-
Notifications
You must be signed in to change notification settings - Fork 123
Description
Draft - RFC: Unified Alert Viewing for Prometheus and OpenSearch Alerts
Summary
With OpenSearch adding support for Prometheus metrics querying via PromQL, users need a unified view of alerts across both Prometheus Alertmanager and OpenSearch Alerting. This RFC proposes a unified UI within OpenSearch Dashboards that displays alerts from both systems side-by-side, enabling users to monitor all their observability alerts without requiring alert format conversion or architectural changes to either alerting system.
Problem Statement
Current State
OpenSearch now supports querying Prometheus metrics directly using PromQL, enabling comprehensive metrics observability. However, OpenSearch’s alerting experience currently only supports OpenSearch alerts.
User Pain Points
- Tool fragmentation: Users want one view of their data instead of jumping between tools
- Incomplete observability: Cannot correlate Prometheus metric alerts with OpenSearch log/trace alerts
- Operational overhead: Managing multiple alerting UIs (e.g. Grafana) increases cognitive load and response time
Why This Matters
Prometheus is the most common open source metrics solution, and users migrating from commercial observability platforms expect unified experiences. With OpenSearch now supporting metrics (Prometheus), traces, and logs, a unified alert view is essential to deliver on the complete observability promise.
Goals and Non-Goals
Goals
- Unified alert viewing: Display Prometheus and OpenSearch alerts in a single UI within OpenSearch Dashboards
- Preserve native functionality: Maintain full fidelity of alert information from both systems without lossy conversion
- Seamless navigation: Enable drill-down from alerts to underlying metrics, traces, and logs
- Minimal operational changes: Require no changes to existing Prometheus Alertmanager or OpenSearch Alerting configurations
- Unified alert management: Creating/editing/managing alerts from the unified view (view-only in initial release)

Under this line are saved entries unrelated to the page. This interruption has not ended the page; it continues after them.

lemma prob2_idop_idop:
  assumes "0 < d"
  shows "prob2 d (psi_r d r \<alpha>) (idop d) (idop d) = (\<Sum>i<d. (cmod (\<alpha> i))\<^sup>2)\<^sup>2"
proof -
  have "prob2 d (psi_r d r \<alpha>) (idop d) (idop d)
      = Re (\<Sum>s1<d. \<Sum>s2<d. (cnj (\<alpha> s1) * \<alpha> s1) * (cnj (\<alpha> s2) * \<alpha> s2))"
    using assms by (simp add: prob2_psi_r idop_parity_entry if_zero_simps mult_ac cong: if_cong)
  also have "\<dots> = (\<Sum>s1<d. \<Sum>s2<d. (cmod (\<alpha> s1))\<^sup>2 * (cmod (\<alpha> s2))\<^sup>2)"
    by (simp add: cnj_mult_self Re_sum)
  also have "\<dots> = (\<Sum>i<d. (cmod (\<alpha> i))\<^sup>2)\<^sup>2"
    by (simp add: power2_eq_square sum_product)
  finally show ?thesis .
qed

lemma Re_mult_of_real: "Re (complex_of_real x * z) = x * Re z"
  by simp

lemma chsh_complementary:
  "chsh d \<psi> (P0, opsub (idop d) P0) (P1, opsub (idop d) P1) (Q0, opsub (idop d) Q0) (Q1, opsub (idop d) Q1)
   = 4 * (prob2 d \<psi> P0 Q0 + prob2 d \<psi> P0 Q1 + prob2 d \<psi> P1 Q0 - prob2 d \<psi> P1 Q1)
     - 4 * prob2 d \<psi> P0 (idop d) - 4 * prob2 d \<psi> (idop d) Q0 + 2 * prob2 d \<psi> (idop d) (idop d)"
  unfolding chsh_def corr_def by (simp add: prob2_opsub_left prob2_opsub_right)

lemma cmod_add_sq_minus_cmod_diff_sq: "(cmod (u + v))\<^sup>2 - (cmod (u - v))\<^sup>2 = 4 * Re (u * cnj v)"
  by (simp only: cmod_power2) (simp add: power2_eq_square algebra_simps)

lemma prob2_qproj_interference:
  fixes c s :: real
  assumes "i < d" "j < d" "i \<noteq> j" "cmod \<omega> = 1"
  shows "prob2 d (psi_r d r \<alpha>) (qproj d r i j 1 \<omega>) (qproj d r i j (of_real c) (of_real s))
       - prob2 d (psi_r d r \<alpha>) (qproj d r i j 1 \<omega>) (qproj d r i j (of_real c) (- of_real s))
    = 2 * c * s / (c\<^sup>2 + s\<^sup>2) * Re (cnj (\<alpha> i * \<alpha> i) * (\<alpha> j * \<alpha> j) * cnj \<omega>)"
proof -
  let ?p = "prob2 d (psi_r d r \<alpha>)"
  define Z where "Z = cnj (\<alpha> i * \<alpha> i) * (\<alpha> j * \<alpha> j) * cnj \<omega>"
  define a where "a = cnj (\<alpha> i * \<alpha> i) * of_real c"
  define b where "b = cnj (\<alpha> j * \<alpha> j) * \<omega> * of_real s"
  have "(cmod (of_real c))\<^sup>2 + (cmod (of_real s))\<^sup>2 = c\<^sup>2 + s\<^sup>2"
    "(cmod (of_real c))\<^sup>2 + (cmod (- of_real s))\<^sup>2 = c\<^sup>2 + s\<^sup>2"
    by (simp_all only: norm_of_real norm_minus_cancel power2_abs)
  then have "?p (qproj d r i j 1 \<omega>) (qproj d r i j (of_real c) (of_real s)) = (cmod (a + b))\<^sup>2 / (2 * (c\<^sup>2 + s\<^sup>2))"
    "?p (qproj d r i j 1 \<omega>) (qproj d r i j (of_real c) (- of_real s)) = (cmod (a - b))\<^sup>2 / (2 * (c\<^sup>2 + s\<^sup>2))"
    unfolding prob2_qproj_qproj[OF assms(1-3)] assms(4) a_def b_def
    by (simp_all only: mult_1_right mult_minus_right add_uminus_conv_diff norm_one power_one one_add_one)
  then have "?p (qproj d r i j 1 \<omega>) (qproj d r i j (of_real c) (of_real s))
       - ?p (qproj d r i j 1 \<omega>) (qproj d r i j (of_real c) (- of_real s))
      = ((cmod (a + b))\<^sup>2 - (cmod (a - b))\<^sup>2) / (2 * (c\<^sup>2 + s\<^sup>2))"
    by (simp add: diff_divide_distrib)
  also have "\<dots> = 4 * Re (a * cnj b) / (2 * (c\<^sup>2 + s\<^sup>2))"
    by (simp only: cmod_add_sq_minus_cmod_diff_sq)
  also have "a * cnj b = of_real (c * s) * Z"
    unfolding a_def b_def Z_def
    by (simp only: complex_cnj_mult complex_cnj_cnj complex_cnj_complex_of_real of_real_mult mult_ac)
  also have "4 * Re (of_real (c * s) * Z) / (2 * (c\<^sup>2 + s\<^sup>2)) = 2 * c * s / (c\<^sup>2 + s\<^sup>2) * Re Z"
  proof -
    have halve: "4 * x / (2 * y) = 2 * x / y" for x y :: real
      by simp
    show ?thesis
      unfolding Re_mult_of_real halve by (simp add: mult_ac)
  qed
  finally show ?thesis
    unfolding Z_def .
qed

lemma chsh_qubit_strategy:
  fixes d r :: nat and \<alpha> :: "nat \<Rightarrow> complex" and C S :: real and \<omega> :: complex
  assumes "i < d" "j < d" "i \<noteq> j" "(\<Sum>s<d. (cmod (\<alpha> s))\<^sup>2) = 1"
    and "C\<^sup>2 + S\<^sup>2 = 1" "0 < C + 1" "cmod \<omega> = 1"
  defines "A0 \<equiv> qproj d r i j 1 0" and "A1 \<equiv> qproj d r i j 1 \<omega>"
    and "B0 \<equiv> qproj d r i j (of_real (C + 1)) (of_real S)"
    and "B1 \<equiv> qproj d r i j (of_real (C + 1)) (- of_real S)"
    and "N \<equiv> (cmod (\<alpha> i))^4 + (cmod (\<alpha> j))^4"
  shows "chsh d (psi_r d r \<alpha>) (A0, opsub (idop d) A0) (A1, opsub (idop d) A1)
      (B0, opsub (idop d) B0) (B1, opsub (idop d) B1)
    = 2 - 2 * N + 2 * C * N + 4 * S * Re (cnj (\<alpha> i * \<alpha> i) * (\<alpha> j * \<alpha> j) * cnj \<omega>)"
proof -
  let ?p = "prob2 d (psi_r d r \<alpha>)"
  define A4 where "A4 = (cmod (\<alpha> i))^4"
  define B4 where "B4 = (cmod (\<alpha> j))^4"
  define R where "R = Re (cnj (\<alpha> i * \<alpha> i) * (\<alpha> j * \<alpha> j) * cnj \<omega>)"
  have bob_norm_real: "(C + 1)\<^sup>2 + S\<^sup>2 = 2 * (C + 1)"
    using assms(5) by (simp add: power2_eq_square algebra_simps)
  have bob_norm: "(cmod (of_real (C + 1)))\<^sup>2 + (cmod (of_real S))\<^sup>2 = 2 * (C + 1)"
    "(cmod (of_real (C + 1)))\<^sup>2 + (cmod (- of_real S))\<^sup>2 = 2 * (C + 1)"
    using assms(5) by (simp_all only: norm_of_real norm_minus_cancel power2_abs)
      (simp_all add: power2_eq_square algebra_simps)
  have "?p A0 B0 = A4 * (C + 1)\<^sup>2 / (2 * (C + 1))" "?p A0 B1 = A4 * (C + 1)\<^sup>2 / (2 * (C + 1))"
    unfolding A0_def B0_def B1_def prob2_qproj_qproj[OF assms(1-3)] bob_norm
    by (simp_all add: A4_def norm_mult power_mult_distrib del: of_real_add)
  moreover have "A4 * (C + 1)\<^sup>2 / (2 * (C + 1)) = A4 * (C + 1) / 2"
    using assms(6) by (simp add: power2_eq_square field_simps)
  ultimately have p0: "?p A0 B0 = A4 * (C + 1) / 2" "?p A0 B1 = A4 * (C + 1) / 2"
    by simp_all
  have "?p A1 B0 - ?p A1 B1 = 2 * (C + 1) * S / (2 * (C + 1)) * R"
    unfolding A1_def B0_def B1_def R_def prob2_qproj_interference[OF assms(1-3,7)] bob_norm_real ..
  then have p1: "?p A1 B0 - ?p A1 B1 = S * R"
    using assms(6) by simp
  have pA: "?p A0 (idop d) = A4"
    by (simp add: A0_def A4_def prob2_qproj_idop[OF assms(1-3)])
  have pB: "?p (idop d) B0 = (A4 * (C + 1) + B4 * (1 - C)) / 2"
  proof -
    have S_sq: "S\<^sup>2 = (1 - C) * (C + 1)"
      using assms(5) by (simp add: algebra_simps power2_eq_square)
    have "?p (idop d) B0 = (A4 * (C + 1)\<^sup>2 + B4 * S\<^sup>2) / (2 * (C + 1))"
      using bob_norm by (simp add: B0_def A4_def B4_def prob2_idop_qproj[OF assms(1-3)])
    also have "\<dots> = (A4 * (C + 1) + B4 * (1 - C)) / 2"
      unfolding S_sq using assms(6) by (simp add: field_simps power2_eq_square)
    finally show ?thesis .
  qed
  have pII: "?p (idop d) (idop d) = 1"
    using prob2_idop_idop[of d r \<alpha>] assms(1,4) by simp
  show ?thesis
    unfolding chsh_complementary N_def
    using p0 p1 pA pB pII by (simp add: A4_def B4_def R_def algebra_simps)
qed

lemma pure11_ket:
  assumes "s < d" "t < d"
  shows "pure11 d (ket (s, t))"
proof -
  have "(cmod (ket (s, t) (s', t')))\<^sup>2 = (if s' = s then if t' = t then 1 else 0 else 0)" for s' t'
    by (simp add: ket_def)
  then have unit: "(\<Sum>s'<d. \<Sum>t'<d. (cmod (ket (s, t) (s', t')))\<^sup>2) = 1"
    using assms by (simp add: if_zero_simps)
  define k where "k = (t + d - s) mod d"
  have "(s + k) mod d = t"
    using assms unfolding k_def by (simp add: mod_add_right_eq)
  moreover have "k < d"
    using assms unfolding k_def by simp
  ultimately show ?thesis
    using assms unit unfolding pure11_def by (auto simp: ket_def)
qed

- Notification unification: consolidating notification channels between systems
Non-Goals
- Alert rule conversion: Not converting Prometheus alerting rules to OpenSearch Alerting format
- Alert forwarding: Not ingesting Prometheus alerts as OpenSearch your source documents
- Historical alert storage: Not persisting Prometheus alert history in OpenSearch (future consideration)
Proposed Solution
Architecture Overview
The unified alert UI will query both Prometheus Alertmanager and OpenSearch Alerting APIs in parallel to display alerts, and provide bidirectional communication to enable full alert lifecycle management including creating, editing, acknowledging, and silencing alerts across both systems.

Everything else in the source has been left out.